I have a phone system, Allworx. The PBX has its own WAN interface, and I use the WAN interface for its internet connection. The phone system and all of the phones are on their own VLAN. They are also on their own physical switch. That switch connects via a trunk to the other switch, mainly so that I can reach the web interface of the phone system, but I could disconnect the switch from the rest of the network and all functions would work fine.
The problem I'm having is that sometimes, I will have an audio issue, internally. It's a slightly garbled, but audible and annoying blip that happens throughout a call. The weird thing is, this happens on internal calls, and even calls to voicemail so it isn't related to our SIP providers. When the problem is happening, it is reproducible. But sometimes it will just stop, and then nothing I do can get it to come back.
To make a long story a bit shorter, I have struggled with this problem for a long time. I've finally narrowed it down to pfSense a few weeks ago, and from there, I think I've narrowed it to CARP.
I am running pfSense 1.2.3-Release Full on VMware ESXi 4. Two VMware hosts, and each has a pfSense virtual machine, and they are using CARP for failover. During testing, I shut down one of the virtual machines, but it made no difference; sounded the same as with both running, but I left the secondary off anyway.
We first noticed that if we disconnected the switch that the phones are connected to (I'll call it the phone switch) from the rest of the network, the problem went away instantly. Form there, I narrowed it down to one particular switch, and then from there, one port.
It was the virtual host, and then I shutdown every VM except for pfSense, and it didn't help. Once I shutdown pfSense (so we had no routers) the problem went away. It was reproducible: if I have pfSense running, I hear the problem, if I shut it down, it goes away.
I thought it might be related to it running in a VM, so I backed up the config, shut down pfSense, and fired up an Alix. I restored the config from the VM, and let the alix be our router. Same problem. So it's a completely different physical instance.
Finally today, back in the VM, I decided to try disabling CARP. That seemed to work. It also brought down the router, effectively, so I decided to remove all the CARP VIPs, and then set the interface IPs to what the CARP IPs were. This fixed the problem. I used snapshots to create a snapshot before I removed the CARP setup (old config), and a snapshot after (new config). This lets me go back and forth between the two without lengthy reboots and such.

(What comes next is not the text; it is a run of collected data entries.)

lemma invariant_if_halts_at:
  assumes "wf_minsky M" and halt: "fst (minsky_run M n) = mN M"
  shows "inductive_invariant Init_comp (TR_comp M) P_prop (FOrs (map (reach_fml M) [0..<Suc n]))"
    (is "inductive_invariant _ _ _ ?I")
proof -
  have I: "holds s ?I \<longleftrightarrow> (\<exists>k\<le>n. \<exists>x\<ge>1. s = comp_state (prog_run x k) (minsky_run M k))" for s
    by (auto simp: holds_reach_fml less_Suc_eq_le simp del: upt_Suc)
  have step: "holds t ?I"
    if "holds s ?I" "holds (case_primed s t) (TR_comp M)" for s t
  proof -
    from that(1) obtain k x where k: "k \<le> n" "1 \<le> x" and s: "s = comp_state (prog_run x k) (minsky_run M k)"
      unfolding I by blast
    have "0 \<le> prog_run x k PC" "prog_run x k PC \<le> 3"
      using prog_inv_prog_run[OF k(2)] by (auto simp: prog_inv_def)
    with that(2) s minsky_run_range[OF assms(1), of k]
    have "fst (minsky_run M k) < mN M" "t = comp_state (prog_run x (Suc k)) (minsky_run M (Suc k))"
      by (simp_all add: holds_TR_comp prog_run_Suc minsky_run_Suc)
    moreover from this(1) halt k(1) have "Suc k \<le> n"
      by (metis le_neq_implies_less less_eq_Suc_le nat_less_le)
    ultimately show ?thesis
      using k(2) unfolding I by blast
  qed
  show ?thesis
    unfolding inductive_invariant_iff
  proof (intro conjI allI impI)
    fix s
    assume "holds s Init_comp"
    then show "holds s ?I"
      unfolding I holds_Init_comp by (metis le0 minsky_run_0 prog_run_0)
  next
    fix s
    assume "holds s ?I"
    then show "holds s P_prop"
      unfolding I using prog_run_safe by blast
  qed (rule step)
qed

section \<open>Non-halting machines: no invariant\<close>

context
  fixes M :: minsky and I :: "var qf"
  assumes wf: "wf_minsky M" and not_halts: "\<not> halts M"
    and inv: "inductive_invariant Init_comp (TR_comp M) P_prop I"
begin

It's pretty clear: I sit there on a call to the voicemail, and just let it repeat the message over and over. Old config: garbled. New config: perfect. I can switch and back and forth and hear the difference immediately.
So my question is: what the hell is going on??? The traffic that is being affected here isn't even going through pfSense! It's traffic between a single phone and the PBX, on the same VLAN of the same physical switch. How is this possible?
Please someone help me..
Is anyone else able to reproduce this, or offer any insight? During testing, I tried to upgrade to 2.0 but something went wrong with the upgrade and it just kept rebooting. When I get some time, I will try to do a clean 2.0 install and then restore the config instead; that should help me figure out if 2.0 is affected too. At the moment though, I am just running without CARP to keep the phones functional.
Never heard of anything like that, I setup at least a couple CARP installs every week with VoIP behind them, and have done some for VoIP providers with thousands of simultaneous calls going through.
You have to uninstall open-vm-tools package before upgrading or you'll end up in a panic loop.
Could be a problem with a conflicting VHID, or any number of other things, hard to say without digging into packet captures.